10/08/2024 | News release | Distributed by Public on 10/08/2024 01:10
Biodiversité 3 min
Face à la crise écologique, les bases de données se multiplient pour mesurer les tendances de la biodiversité, mais elles ne sont pas soumises à une évaluation systématique. Deux chercheuses françaises du CNRS et d'INRAE ont examiné la base de données mondiale InsectChange, qui compile des séries temporelles sur les insectes. Leur analyse approfondie révèle plus de 500 erreurs et problèmes qui remettent en question les résultats obtenus à partir de ces données, tout en fournissant des éléments essentiels pour améliorer InsectChange. Publiée dans Peer Community Journal le 8 octobre 2024, cette étude met en lumière les problèmes de qualité des grosses bases de données sur lesquelles se basent les méta-analyses pour évaluer les tendances de la biodiversité. Elle ouvre des pistes méthodologiques et appelle les revues scientifiques à mettre en place des mesures de protection, afin d'éviter des effets néfastes pour la science et par conséquent pour la qualité du débat et de l'action publics.
Publié le 08 octobre 2024
Le déclin des insectes soulève des enjeux environnementaux, économiques et sociétaux majeurs, menaçant la biodiversité, perturbant les chaînes alimentaires et impactant des secteurs essentiels comme l'agriculture et la santé. Pour évaluer les tendances de la biodiversité, les scientifiques s'appuient sur des bases de données de plus en plus nombreuses en écologie. Ces données alimentent des publications scientifiques qui influencent souvent l'opinion publique et les décideurs. Or la fiabilité des tendances estimées repose avant tout sur la qualité des données. Pourtant ces bases de données ne font pas l'objet d'une évaluation systématique et exhaustive.

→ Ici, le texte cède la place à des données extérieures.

(* Fix $\beta>2$ and $r>0$, and let $G_\beta,H_\beta,K_\beta,g_\beta$, $r_1^\beta$ and $F_\beta(\mathbf{x},r)$ be as in the context. The equation $$K_\beta(y-3r/2)+H_\beta(y)+K_\beta(y)=1,\qquad y\in(-\infty,g_\beta],$$ has a unique solution $y_1^\beta(r)$ if $r\le r_1^\beta$ and has no solution if $r>r_1^\beta$. Furthermore, if $r<r_1^\beta$, the point $\big(H_\beta(y_1^\beta(r)),K_\beta(y_1^\beta(r))\big)$ is a saddle point of $F_\beta(\cdot,r)$.
   Context: $\Xi=\{(x_1,x_2): x_1,x_2\ge0,\ x_1+x_2\le1\}$, $x_0=1-x_1-x_2$, $\mathbf{v}_k=(\cos(2\pi k/3),\sin(2\pi k/3))$, and $F_\beta(\mathbf{x},r)=-\frac12|\sum_{k=0}^2x_k\mathbf{v}_k|^2+\frac1\beta\sum_{k=0}^2x_k\log(3x_k)+r\,x_0-\frac r2(x_1+x_2)$ (potential with external field of magnitude $r$, angle $\pi$). $G_\beta(x)=\frac1\beta\log x-\frac32x$ on $(0,\infty)$, $l_\beta=2/(3\beta)$, $g_\beta=G_\beta(l_\beta)$; for $y<g_\beta$, $H_\beta(y)<l_\beta<K_\beta(y)$ are the two solutions of $G_\beta(x)=y$, and $H_\beta(g_\beta)=K_\beta(g_\beta)=l_\beta$. $r_1^\beta=1-\frac2\beta-\frac{2}{3\beta}\log\big(\frac{3\beta}2-2\big)$. A saddle point is a critical point at which the Hessian in $(x_1,x_2)$ has one positive and one negative eigenvalue. *)

theory Defs
  imports "HOL-Analysis.Analysis"
begin

definition xlog3 :: "real \<Rightarrow> real" where
  "xlog3 x = (if x = 0 then 0 else x * ln (3 * x))"

text \<open>The potential F_beta((x1,x2), r), with x0 = 1 - x1 - x2 and
  v_k = (cos(2 pi k/3), sin(2 pi k/3)).\<close>
definition Fpot :: "real \<Rightarrow> real \<Rightarrow> real \<Rightarrow> real \<Rightarrow> real" where
  "Fpot \<beta> r x1 x2 =
     (let x0 = 1 - x1 - x2;
          mx = x0 * cos 0 + x1 * cos (2*pi/3) + x2 * cos (4*pi/3);
          my = x0 * sin 0 + x1 * sin (2*pi/3) + x2 * sin (4*pi/3)
      in - (1/2) * (mx^2 + my^2)
         + (1/\<beta>) * (xlog3 x0 + xlog3 x1 + xlog3 x2)
         + r * x0 - (r/2) * (x1 + x2))"

definition Gfun :: "real \<Rightarrow> real \<Rightarrow> real" where
  "Gfun \<beta> x = (1/\<beta>) * ln x - (3/2) * x"

definition lb :: "real \<Rightarrow> real" where
  "lb \<beta> = 2 / (3 * \<beta>)"

definition gb :: "real \<Rightarrow> real" where
  "gb \<beta> = Gfun \<beta> (lb \<beta>)"

definition Hb :: "real \<Rightarrow> real \<Rightarrow> real" where
  "Hb \<beta> y = (THE x. 0 < x \<and> x \<le> lb \<beta> \<and> Gfun \<beta> x = y)"

definition Kb :: "real \<Rightarrow> real \<Rightarrow> real" where
  "Kb \<beta> y = (THE x. lb \<beta> \<le> x \<and> Gfun \<beta> x = y)"

definition r1 :: "real \<Rightarrow> real" where
  "r1 \<beta> = 1 - 2/\<beta> - (2/(3*\<beta>)) * ln (3*\<beta>/2 - 2)"

definition eq_y1 :: "real \<Rightarrow> real \<Rightarrow> real \<Rightarrow> bool" where
  "eq_y1 \<beta> r y \<longleftrightarrow> y \<le> gb \<beta> \<and> Kb \<beta> (y - 3*r/2) + Hb \<beta> y + Kb \<beta> y = 1"

definition y1 :: "real \<Rightarrow> real \<Rightarrow> real" where
  "y1 \<beta> r = (THE y. eq_y1 \<beta> r y)"

definition pd1 :: "(real \<Rightarrow> real \<Rightarrow> real) \<Rightarrow> real \<Rightarrow> real \<Rightarrow> real" where
  "pd1 f a b = deriv (\<lambda>t. f t b) a"

definition pd2 :: "(real \<Rightarrow> real \<Rightarrow> real) \<Rightarrow> real \<Rightarrow> real \<Rightarrow> real" where
  "pd2 f a b = deriv (\<lambda>t. f a t) b"

definition hess :: "(real \<Rightarrow> real \<Rightarrow> real) \<Rightarrow> real \<Rightarrow> real \<Rightarrow> nat \<Rightarrow> nat \<Rightarrow> real" where
  "hess f a b i j =
     (if i = 1 \<and> j = 1 then pd1 (pd1 f) a b
      else if i = 1 \<and> j = 2 then pd2 (pd1 f) a b
      else if i = 2 \<and> j = 1 then pd1 (pd2 f) a b
      else pd2 (pd2 f) a b)"

definition eigen2 :: "(nat \<Rightarrow> nat \<Rightarrow> real) \<Rightarrow> real \<Rightarrow> bool" where
  "eigen2 M lam \<longleftrightarrow> (\<exists>u v. (u, v) \<noteq> (0, 0) \<and>
      M 1 1 * u + M 1 2 * v = lam * u \<and> M 2 1 * u + M 2 2 * v = lam * v)"

definition critical_pt :: "(real \<Rightarrow> real \<Rightarrow> real) \<Rightarrow> real \<Rightarrow> real \<Rightarrow> bool" where
  "critical_pt f a b \<longleftrightarrow> ((\<lambda>p. f (fst p) (snd p)) has_derivative (\<lambda>h. 0)) (at (a, b))"

definition saddle_pt :: "real \<Rightarrow> real \<Rightarrow> real \<Rightarrow> real \<Rightarrow> bool" where
  "saddle_pt \<beta> r a b \<longleftrightarrow>
     0 < a \<and> 0 < b \<and> a + b < 1 \<and>
     critical_pt (Fpot \<beta> r) a b \<and>
     (\<exists>lam1 lam2. lam1 > 0 \<and> lam2 < 0 \<and> eigen2 (hess (Fpot \<beta> r) a b) lam1
                              \<and> eigen2 (hess (Fpot \<beta> r) a b) lam2)"

end

theory Submission
  imports Defs
begin

text \<open>\<open>G\<close> increases on \<open>(0, l]\<close> and decreases on \<open>[l, \<infinity>)\<close>, so its inverse branches \<open>H\<close>
  (increasing) and \<open>K\<close> (decreasing) are continuous on \<open>(-\<infinity>, g]\<close>. Writing \<open>K = t H\<close>,
  the relation \<open>G(H) = G(K)\<close> gives \<open>H = l ln t / (t - 1)\<close>, hence
  \<open>H + K = l (t + 1) ln t / (t - 1)\<close>, which increases with \<open>t\<close>; as \<open>y\<close> grows, \<open>t\<close>
  decreases, so \<open>H + K\<close> decreases. The left-hand side of the equation is therefore continuous
  and strictly decreasing; it exceeds 1 at \<open>y = G(1)\<close> and equals \<open>K(g - 3r/2) + 2l\<close> at
  \<open>y = g\<close>, which is at most 1 exactly when \<open>r \<le> r1\<close>, because \<open>G(1 - 2l) = g - 3 r1 / 2\<close>.

  At a solution put \<open>x0 = 1 - H - K = K(y - 3r/2)\<close>. Since
  \<open>\<partial>F/\<partial>x1 = G(x1) - G(x0) - 3r/2\<close> (and symmetrically), \<open>(H, K)\<close> is critical, and the Hessian
  is \<open>[[A + C, C], [C, B + C]]\<close> with \<open>A = G'(H) > 0\<close>, \<open>B = G'(K) < 0\<close>, \<open>C = G'(x0) < 0\<close>.
  Finally \<open>A + B > 0\<close> reduces to \<open>2 ln t < t - 1/t\<close>, so the determinant \<open>AB + C(A + B)\<close>
  is negative.\<close>

section \<open>The inverse branches of \<open>G\<close>\<close>

definition dGfun :: "real \<Rightarrow> real \<Rightarrow> real" where
  "dGfun \<beta> x = 1 / (\<beta> * x) - 3/2"

lemma lb_bounds: "\<beta> > 2 \<Longrightarrow> 0 < lb \<beta> \<and> lb \<beta> < 1/3"
  unfolding lb_def by (auto simp: field_simps)

lemma DERIV_Gfun: "x > 0 \<Longrightarrow> (Gfun \<beta> has_real_derivative dGfun \<beta> x) (at x)"
  unfolding Gfun_def dGfun_def by (rule derivative_eq_intros refl | simp)+

lemma DERIV_Gfun_compose[derivative_intros]:
  "(f has_real_derivative f') (at x) \<Longrightarrow> 0 < f x \<Longrightarrow>
    ((\<lambda>t. Gfun \<beta> (f t)) has_real_derivative dGfun \<beta> (f x) * f') (at x)"
  by (rule DERIV_chain2[OF DERIV_Gfun])

lemma dGfun_pos_iff: "\<beta> > 0 \<Longrightarrow> x > 0 \<Longrightarrow> dGfun \<beta> x > 0 \<longleftrightarrow> x < lb \<beta>"
  unfolding dGfun_def lb_def by (auto simp: field_simps)

lemma dGfun_neg_iff: "\<beta> > 0 \<Longrightarrow> x > 0 \<Longrightarrow> dGfun \<beta> x < 0 \<longleftrightarrow> lb \<beta> < x"
  unfolding dGfun_def lb_def by (auto simp: field_simps)

lemma continuous_on_Gfun: "0 < a \<Longrightarrow> continuous_on {a..b} (Gfun \<beta>)"
  unfolding Gfun_def by (intro continuous_intros) auto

L'étude révèle que la base de données InsectChange comporte 553 problèmes répartis en 17 types et 4 grandes catégories : erreurs, incohérences, problèmes méthodologiques et déficits d'information.
Publiée en 2021 dans la revue Ecology, la base de données InsectChange a été créée comme référence pour évaluer les tendances temporelles des populations d'insectes à travers le monde. Elle a notamment servi à la méta-analyse de van Klink et al., parue en 2020 dans Science, qui a relancé le débat sur la réalité et l'ampleur du déclin des insectes. Selon cette étude, le déclin des insectes serait moins important qu'on ne le pensait, les zones de culture agricole n'en seraient pas une des causes, et les populations d'insectes d'eau douce auraient même tendance à augmenter. Malgré de nombreuses critiques de la part de la communauté scientifique internationale, seul un erratum mineur a été publié, laissant inchangés les résultats de la méta-analyse, et véhiculant au grand public un message rassurant sur le devenir des insectes.
Une nouvelle étude parue dans Peer Community Journal a identifié plus de 500 problèmes dans la base de données InsectChange. Après une analyse minutieuse des 165 études qui y sont incluses, deux chercheuses du CNRS et d'INRAE démontrent qu'en l'état, cette base de données ne permet ni d'estimer les tendances des populations d'insectes, ni d'analyser les facteurs anthropogéniques qui les influencent. Les problèmes identifiés sont très variés et proviennent parfois d'autres bases de données utilisées dans les publications ayant alimenté la méta-analyse. S'ils relèvent parfois de la simple erreur de calcul facilement corrigible, ils sont le plus souvent d'ordre méthodologique nécessitant alors une restructuration complète de la base de données. Ces problèmes incluent notamment des biais d'échantillonnage, des unités de mesure non standardisées, des données issues d'expérimentations, des coordonnées géographiques inadéquates pour mesurer l'influence de l'agriculture ou de l'urbanisation grâce aux données satellites de couverture des terres.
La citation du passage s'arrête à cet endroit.